Among the green anarchists there’s talk of recovering your soul, of making fire by rubbing sticks together, discussions of whether vegetarianism is a good idea for hunters, but there is no outline of how groups of people go beyond survival mode, or whether they do. We are supposed to aim for “rewilding” but the rewilders are shy about describing what life is like in this rewild state. One prolific green anarchy author whom I spoke to, Derrick Jensen, dismisses the lack of alternatives to civilization and told me simply, “I do not provide alternatives because there is no need. The alternatives already exist, and they have existed—and worked—for thousands and tens of thousands of years.” He means, of course, tribal life, but not modern tribal; he means tribal as in no agriculture, no antibiotics, no nothing beyond wood, fur, and stone.

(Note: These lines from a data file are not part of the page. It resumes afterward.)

(* Let $d_1$ and $d_2$ be two metrics on the same set $X$. The following three statements are equivalent: (i) the set of sequences in $X$ that are $d_1$-statistically convergent coincides with the set of sequences in $X$ that are $d_2$-statistically convergent; (ii) the set of sequences that converge in $(X,d_1)$ coincides with the set of sequences that converge in $(X,d_2)$; (iii) $d_1$ and $d_2$ induce the same topology on $X$.
   Context: For a metric $d$ on $X$, a sequence $(x_n)$ of points of $X$ is $d$-statistically convergent to $a\in X$ if for every $\epsilon>0$, $\lim_{n\to\infty}\frac{1}{n}\left|\{k: k\le n,\ d(x_k,a)\ge\epsilon\}\right|=0$ ($|B|$ is the cardinality of $B$); it is $d$-statistically convergent if it is $d$-statistically convergent to some point of $X$. *)

theory Defs
  imports "HOL-Analysis.Analysis"
begin

definition stat_convergent_to :: "'a set \<Rightarrow> ('a \<Rightarrow> 'a \<Rightarrow> real) \<Rightarrow> (nat \<Rightarrow> 'a) \<Rightarrow> 'a \<Rightarrow> bool" where
  "stat_convergent_to X d x a \<longleftrightarrow> a \<in> X \<and>
     (\<forall>\<epsilon>>0. (\<lambda>n. real (card {k. k < n \<and> d (x k) a \<ge> \<epsilon>}) / real n) \<longlonglongrightarrow> 0)"

definition stat_convergent :: "'a set \<Rightarrow> ('a \<Rightarrow> 'a \<Rightarrow> real) \<Rightarrow> (nat \<Rightarrow> 'a) \<Rightarrow> bool" where
  "stat_convergent X d x \<longleftrightarrow> (\<exists>a. stat_convergent_to X d x a)"

end

theory Submission
  imports Defs
begin

text \<open>Convergence implies statistical convergence, and statistical convergence only depends on
the neighbourhoods of the limit, so equal topologies give equal classes of (statistically)
convergent sequences. Conversely, if a set is \<open>d\<^sub>1\<close>-open but not \<open>d\<^sub>2\<close>-open, there is a point \<open>a\<close>
and a sequence \<open>x\<close> converging to \<open>a\<close> for \<open>d\<^sub>2\<close> while staying \<open>\<epsilon>\<close>-far from \<open>a\<close> for \<open>d\<^sub>1\<close>. Interleaving
\<open>x\<close> with the constant sequence \<open>a\<close> yields a \<open>d\<^sub>2\<close>-convergent sequence that is not
\<open>d\<^sub>1\<close>-statistically convergent: for a limit \<open>c = a\<close> the even terms, for \<open>c \<noteq> a\<close> the odd terms
are far from \<open>c\<close>, and each of these index sets has density \<open>1/2\<close>.\<close>

definition zero_density :: "(nat \<Rightarrow> bool) \<Rightarrow> bool" where
  "zero_density P \<longleftrightarrow> (\<lambda>n. real (card {k. k < n \<and> P k}) / real n) \<longlonglongrightarrow> 0"

definition convergent_seqs :: "'a set \<Rightarrow> ('a \<Rightarrow> 'a \<Rightarrow> real) \<Rightarrow> (nat \<Rightarrow> 'a) set" where
  "convergent_seqs X d =
     {x. range x \<subseteq> X \<and> (\<exists>a. limitin (Metric_space.mtopology X d) x a sequentially)}"

definition stat_convergent_seqs :: "'a set \<Rightarrow> ('a \<Rightarrow> 'a \<Rightarrow> real) \<Rightarrow> (nat \<Rightarrow> 'a) set" where
  "stat_convergent_seqs X d = {x. range x \<subseteq> X \<and> stat_convergent X d x}"

lemma stat_convergent_to_iff_zero_density:
  "stat_convergent_to X d x a \<longleftrightarrow> a \<in> X \<and> (\<forall>\<epsilon>>0. zero_density (\<lambda>k. d (x k) a \<ge> \<epsilon>))"
  by (simp add: stat_convergent_to_def zero_density_def)

lemma zero_density_mono:
  assumes "zero_density Q" and "\<And>k. P k \<Longrightarrow> Q k"
  shows "zero_density P"
proof -
  have "card {k. k < n \<and> P k} \<le> card {k. k < n \<and> Q k}" for n
    by (rule card_mono) (use assms(2) in auto)
  then have le: "real (card {k. k < n \<and> P k}) / real n \<le> real (card {k. k < n \<and> Q k}) / real n" for n
    by (simp add: divide_right_mono)
  show ?thesis
    unfolding zero_density_def
    by (rule tendsto_sandwich[OF _ _ tendsto_const assms(1)[unfolded zero_density_def]])
      (use le in auto)
qed

lemma zero_density_finite:
  assumes "finite {k. P k}"
  shows "zero_density P"
proof -
  have "card {k. k < n \<and> P k} \<le> card {k. P k}" for n
    by (rule card_mono) (use assms in auto)
  then have le: "real (card {k. k < n \<and> P k}) / real n \<le> real (card {k. P k}) / real n" for n
    by (simp add: divide_right_mono)
  show ?thesis
    unfolding zero_density_def
    by (rule tendsto_sandwich[OF _ _ tendsto_const lim_const_over_n[of "real (card {k. P k})"]])
      (use le in auto)
qed

lemma not_zero_density_parity_class:
  assumes P: "\<And>i. P (2 * i + r)" and "r \<le> 1"
  shows "\<not> zero_density P"
proof
  assume "zero_density P"
  then have "eventually (\<lambda>n. real (card {k. k < n \<and> P k}) / real n < 1/4) sequentially"
    unfolding zero_density_def by (rule order_tendstoD(2)) simp
  then obtain N where N: "\<And>n. n \<ge> N \<Longrightarrow> real (card {k. k < n \<and> P k}) / real n < 1/4"
    by (auto simp: eventually_sequentially)
  define n where "n = max N 2"
  have "2 * i + r < n" if "i < n div 2" for i
  proof -
    have "2 * (n div 2) \<le> n" by simp
    with that \<open>r \<le> 1\<close> show ?thesis by linarith
  qed
  then have "(\<lambda>i. 2 * i + r) ` {..<n div 2} \<subseteq> {k. k < n \<and> P k}"
    using P by auto
  from card_mono[OF _ this] have "real (n div 2) \<le> real (card {k. k < n \<and> P k})"
    by (simp add: card_image inj_on_def)
  moreover have "n \<ge> 2" "real n / 4 \<le> real (n div 2)"
    by (simp_all add: n_def)
  ultimately show False
    using N[of n] by (simp add: n_def field_simps)
qed

lemma (in Metric_space) limitin_imp_stat_convergent_to:
  assumes "limitin mtopology x a sequentially"
  shows "stat_convergent_to M d x a"
  unfolding stat_convergent_to_iff_zero_density
proof (intro conjI allI impI)
  show "a \<in> M"
    using assms by (rule limitin_mspace)
  fix \<epsilon> :: real
  assume "\<epsilon> > 0"
  then obtain N where "\<forall>n\<ge>N. d (x n) a < \<epsilon>"
    using assms by (fastforce simp: limit_metric_sequentially)
  then have "{k. d (x k) a \<ge> \<epsilon>} \<subseteq> {..<N}"
    by (auto simp: not_less[symmetric])
  then show "zero_density (\<lambda>k. d (x k) a \<ge> \<epsilon>)"
    by (intro zero_density_finite) (auto intro: finite_subset)
qed

lemma convergent_seqs_subset_stat_convergent_seqs:
  assumes "Metric_space X d"
  shows "convergent_seqs X d \<subseteq> stat_convergent_seqs X d"
  using Metric_space.limitin_imp_stat_convergent_to[OF assms]
  by (auto simp: convergent_seqs_def stat_convergent_seqs_def stat_convergent_def)

lemma stat_convergent_to_transfer:
  assumes "Metric_space X d1" and "Metric_space X d2"
    and finer: "\<And>U. openin (Metric_space.mtopology X d2) U \<Longrightarrow> openin (Metric_space.mtopology X d1) U"
    and "range x \<subseteq> X" and "stat_convergent_to X d1 x a"
  shows "stat_convergent_to X d2 x a"
proof -
  interpret M1: Metric_space X d1 by fact
  interpret M2: Metric_space X d2 by fact
  have a: "a \<in> X" and dens1: "\<And>\<delta>. \<delta> > 0 \<Longrightarrow> zero_density (\<lambda>k. d1 (x k) a \<ge> \<delta>)"
    using assms(5) by (auto simp: stat_convergent_to_iff_zero_density)
  show ?thesis
    unfolding stat_convergent_to_iff_zero_density
  proof (intro conjI allI impI a)
    fix \<epsilon> :: real
    assume "\<epsilon> > 0"
    then have "openin M1.mtopology (M2.mball a \<epsilon>)" "a \<in> M2.mball a \<epsilon>"
      using finer a by auto
    then obtain \<delta> where "\<delta> > 0" and \<delta>: "M1.mball a \<delta> \<subseteq> M2.mball a \<epsilon>"
      using M1.openin_mtopology by blast
    have far: "d1 (x k) a \<ge> \<delta>" if "d2 (x k) a \<ge> \<epsilon>" for k
    proof (rule ccontr)
      assume "\<not> d1 (x k) a \<ge> \<delta>"
      then have "x k \<in> M1.mball a \<delta>"
        using a \<open>range x \<subseteq> X\<close> by (auto simp: M1.commute)
      with \<delta> that show False
        by (auto simp: M2.commute)
    qed
    show "zero_density (\<lambda>k. d2 (x k) a \<ge> \<epsilon>)"
      by (rule zero_density_mono[OF dens1[OF \<open>\<delta> > 0\<close>] far])
  qed
qed

lemma stat_convergent_seqs_subset:
  assumes "Metric_space X d1" and "Metric_space X d2"
    and "\<And>U. openin (Metric_space.mtopology X d2) U \<Longrightarrow> openin (Metric_space.mtopology X d1) U"
  shows "stat_convergent_seqs X d1 \<subseteq> stat_convergent_seqs X d2"
  using stat_convergent_to_transfer[OF assms]
  unfolding stat_convergent_seqs_def stat_convergent_def by blast

lemma limitin_interleave_const:
  assumes "limitin T x a sequentially"
  shows "limitin T (\<lambda>k. if even k then x (k div 2) else a) a sequentially"
  unfolding limitin_sequentially
proof (intro conjI allI impI)
  show "a \<in> topspace T"
    using assms by (simp add: limitin_sequentially)
  fix U
  assume U: "openin T U \<and> a \<in> U"
  then obtain N where "\<forall>n\<ge>N. x n \<in> U"
    using assms by (auto simp: limitin_sequentially)
  with U show "\<exists>N. \<forall>k\<ge>N. (if even k then x (k div 2) else a) \<in> U"
    by (intro exI[of _ "2 * N"]) auto
qed

lemma (in Metric_space) not_stat_convergent_interleave_const:
  assumes "a \<in> M" and "\<epsilon> > 0" and far: "\<And>n. d (x n) a \<ge> \<epsilon>"
  shows "\<not> stat_convergent M d (\<lambda>k. if even k then x (k div 2) else a)"
    (is "\<not> stat_convergent M d ?z")
proof
  assume "stat_convergent M d ?z"
  then obtain c where "c \<in> M" and dens: "\<And>\<delta>. \<delta> > 0 \<Longrightarrow> zero_density (\<lambda>k. d (?z k) c \<ge> \<delta>)"
    by (auto simp: stat_convergent_def stat_convergent_to_iff_zero_density)
  show False
  proof (cases "c = a")
    case True
    have "\<not> zero_density (\<lambda>k. d (?z k) c \<ge> \<epsilon>)"
      by (rule not_zero_density_parity_class[where r = 0]) (simp_all add: far True)
    with dens \<open>\<epsilon> > 0\<close> show False by blast
  next
    case False
    have "\<not> zero_density (\<lambda>k. d (?z k) c \<ge> d a c)"
      by (rule not_zero_density_parity_class[where r = 1]) simp_all
    moreover have "d a c > 0"
      using False \<open>a \<in> M\<close> \<open>c \<in> M\<close> by simp
    ultimately show False
      using dens by blast
  qed
qed

lemma obtain_limitin_sequence_far_from_limit:
  assumes "Metric_space X d1" and "Metric_space X d2"
    and "openin (Metric_space.mtopology X d1) S" and "\<not> openin (Metric_space.mtopology X d2) S"
  obtains x a \<epsilon> where "range x \<subseteq> X" "a \<in> X" "\<epsilon> > 0"
    "limitin (Metric_space.mtopology X d2) x a sequentially" "\<And>n. d1 (x n) a \<ge> \<epsilon>"
proof -
  interpret M1: Metric_space X d1 by fact
  interpret M2: Metric_space X d2 by fact
  have "S \<subseteq> X"
    using assms(3) M1.openin_mtopology by blast
  then obtain a where "a \<in> S" and no_ball: "\<forall>r>0. \<not> M2.mball a r \<subseteq> S"
    using assms(4) unfolding M2.openin_mtopology by blast
  then have "a \<in> X"
    using \<open>S \<subseteq> X\<close> by blast
  obtain \<epsilon> where "\<epsilon> > 0" and ball: "M1.mball a \<epsilon> \<subseteq> S"
    using assms(3) \<open>a \<in> S\<close> unfolding M1.openin_mtopology by blast
  have "\<exists>y. y \<in> M2.mball a (inverse (real (Suc n))) - S" for n
    using no_ball by (metis Diff_iff inverse_positive_iff_positive of_nat_0_less_iff subsetI zero_less_Suc)
  then obtain x where x: "\<And>n. x n \<in> M2.mball a (inverse (real (Suc n))) - S"
    by metis
  then have "range x \<subseteq> X" and far: "\<And>n. d1 (x n) a \<ge> \<epsilon>"
    using ball \<open>a \<in> X\<close> by (fastforce simp: M1.commute not_less)+
  have "(\<lambda>n. d2 (x n) a) \<longlonglongrightarrow> 0"
    by (rule tendsto_sandwich[OF _ _ tendsto_const LIMSEQ_inverse_real_of_nat])
      (use x in \<open>auto simp: M2.commute less_imp_le\<close>)
  moreover have "\<forall>\<^sub>F n in sequentially. x n \<in> X"
    using \<open>range x \<subseteq> X\<close> by (auto intro: always_eventually)
  ultimately have "limitin M2.mtopology x a sequentially"
    using \<open>a \<in> X\<close> by (simp add: M2.limitin_metric_dist_null)
  with that \<open>range x \<subseteq> X\<close> \<open>a \<in> X\<close> \<open>\<epsilon> > 0\<close> far show ?thesis
    by blast
qed

lemma openin_mtopology_if_convergent_seqs_subset:
  assumes "Metric_space X d1" and "Metric_space X d2"
    and conv: "convergent_seqs X d2 \<subseteq> stat_convergent_seqs X d1"
    and "openin (Metric_space.mtopology X d1) S"
  shows "openin (Metric_space.mtopology X d2) S"
proof (rule ccontr)
  assume "\<not> openin (Metric_space.mtopology X d2) S"
  then obtain x a \<epsilon> where "range x \<subseteq> X" "a \<in> X" "\<epsilon> > 0"
    and lim: "limitin (Metric_space.mtopology X d2) x a sequentially" and far: "\<And>n. d1 (x n) a \<ge> \<epsilon>"
    using obtain_limitin_sequence_far_from_limit[OF assms(1,2,4)] by blast
  let ?z = "\<lambda>k. if even k then x (k div 2) else a"
  have "range ?z \<subseteq> X"
    using \<open>range x \<subseteq> X\<close> \<open>a \<in> X\<close> by auto
  with limitin_interleave_const[OF lim] have "?z \<in> convergent_seqs X d2"
    by (auto simp: convergent_seqs_def)
  with conv have "stat_convergent X d1 ?z"
    by (auto simp: stat_convergent_seqs_def)
  with Metric_space.not_stat_convergent_interleave_const[OF assms(1) \<open>a \<in> X\<close> \<open>\<epsilon> > 0\<close> far]
  show False
    by contradiction
qed

lemma mtopology_eq_if_convergent_seqs_subset:
  assumes "Metric_space X d1" and "Metric_space X d2"
    and "convergent_seqs X d2 \<subseteq> stat_convergent_seqs X d1"
    and "convergent_seqs X d1 \<subseteq> stat_convergent_seqs X d2"
  shows "Metric_space.mtopology X d1 = Metric_space.mtopology X d2"
proof (rule topology_eq[THEN iffD2], intro allI iffI)
  fix S
  show "openin (Metric_space.mtopology X d2) S" if "openin (Metric_space.mtopology X d1) S"
    by (rule openin_mtopology_if_convergent_seqs_subset[OF assms(1,2,3) that])
  show "openin (Metric_space.mtopology X d1) S" if "openin (Metric_space.mtopology X d2) S"
    by (rule openin_mtopology_if_convergent_seqs_subset[OF assms(2,1,4) that])
qed

theorem theorem2:
  fixes X :: "'a set" and d1 d2 :: "'a \<Rightarrow> 'a \<Rightarrow> real"
  assumes "Metric_space X d1" and "Metric_space X d2"
  defines "SC1 \<equiv> {x. range x \<subseteq> X \<and> stat_convergent X d1 x}"
      and "SC2 \<equiv> {x. range x \<subseteq> X \<and> stat_convergent X d2 x}"
      and "C1 \<equiv> {x. range x \<subseteq> X \<and> (\<exists>a. limitin (Metric_space.mtopology X d1) x a sequentially)}"
      and "C2 \<equiv> {x. range x \<subseteq> X \<and> (\<exists>a. limitin (Metric_space.mtopology X d2) x a sequentially)}"
  shows "(SC1 = SC2 \<longleftrightarrow> C1 = C2) \<and>
         (C1 = C2 \<longleftrightarrow> Metric_space.mtopology X d1 = Metric_space.mtopology X d2)"
proof -
  let ?T1 = "Metric_space.mtopology X d1" and ?T2 = "Metric_space.mtopology X d2"
  have sets: "SC1 = stat_convergent_seqs X d1" "SC2 = stat_convergent_seqs X d2"
    "C1 = convergent_seqs X d1" "C2 = convergent_seqs X d2"
    by (simp_all add: SC1_def SC2_def C1_def C2_def stat_convergent_seqs_def convergent_seqs_def)
  have C_SC: "C1 \<subseteq> SC1" "C2 \<subseteq> SC2"
    unfolding sets by (rule convergent_seqs_subset_stat_convergent_seqs, fact)+
  have "C1 = C2" if "?T1 = ?T2"
    using that by (simp add: C1_def C2_def)
  moreover have "SC1 = SC2" if "?T1 = ?T2"
    unfolding sets
    by (intro subset_antisym stat_convergent_seqs_subset assms) (simp_all add: that)
  moreover have "?T1 = ?T2" if "C1 = C2 \<or> SC1 = SC2"
    using that C_SC
    by (intro mtopology_eq_if_convergent_seqs_subset assms) (auto simp flip: sets)
  ultimately show ?thesis
    by blast
qed

end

The great difficulty of the anticivilizationists is that a sustainable, desirable alternative to civilization is unimaginable. We cannot picture it. We cannot see how it would be a place we’d like to move to. We can’t imagine how this primitive arrangement of stone and fur would satisfy each of our individual talents. And because we cannot imagine it, it will never happen, because nothing has ever been created without being imagined first.
Despite their inability to imagine a desirable, coherent alternative, the anarcho-primitivists all agree that some combination of being in tune with nature, eating low-calorie diets, owning very little, and using only things you make yourself will bring on a level of contentment, happiness, and meaning we have not seen for 10,000 years.
But if this state of happy poverty is so desirable and good for the soul, why do none of the anticivilizationists live like this? As far as I can tell from my research and personal interviews with them, all self-identifying anarcho-primitivists live in modernity. They are living in the trap identified by the Unabomber. They compose their rants against the machine on very fast desktop machines. While they sip coffee. Their routines are only marginally different from mine. They have not relinquished the conveniences of civilization for the better shores of nomadic hunter-gathering.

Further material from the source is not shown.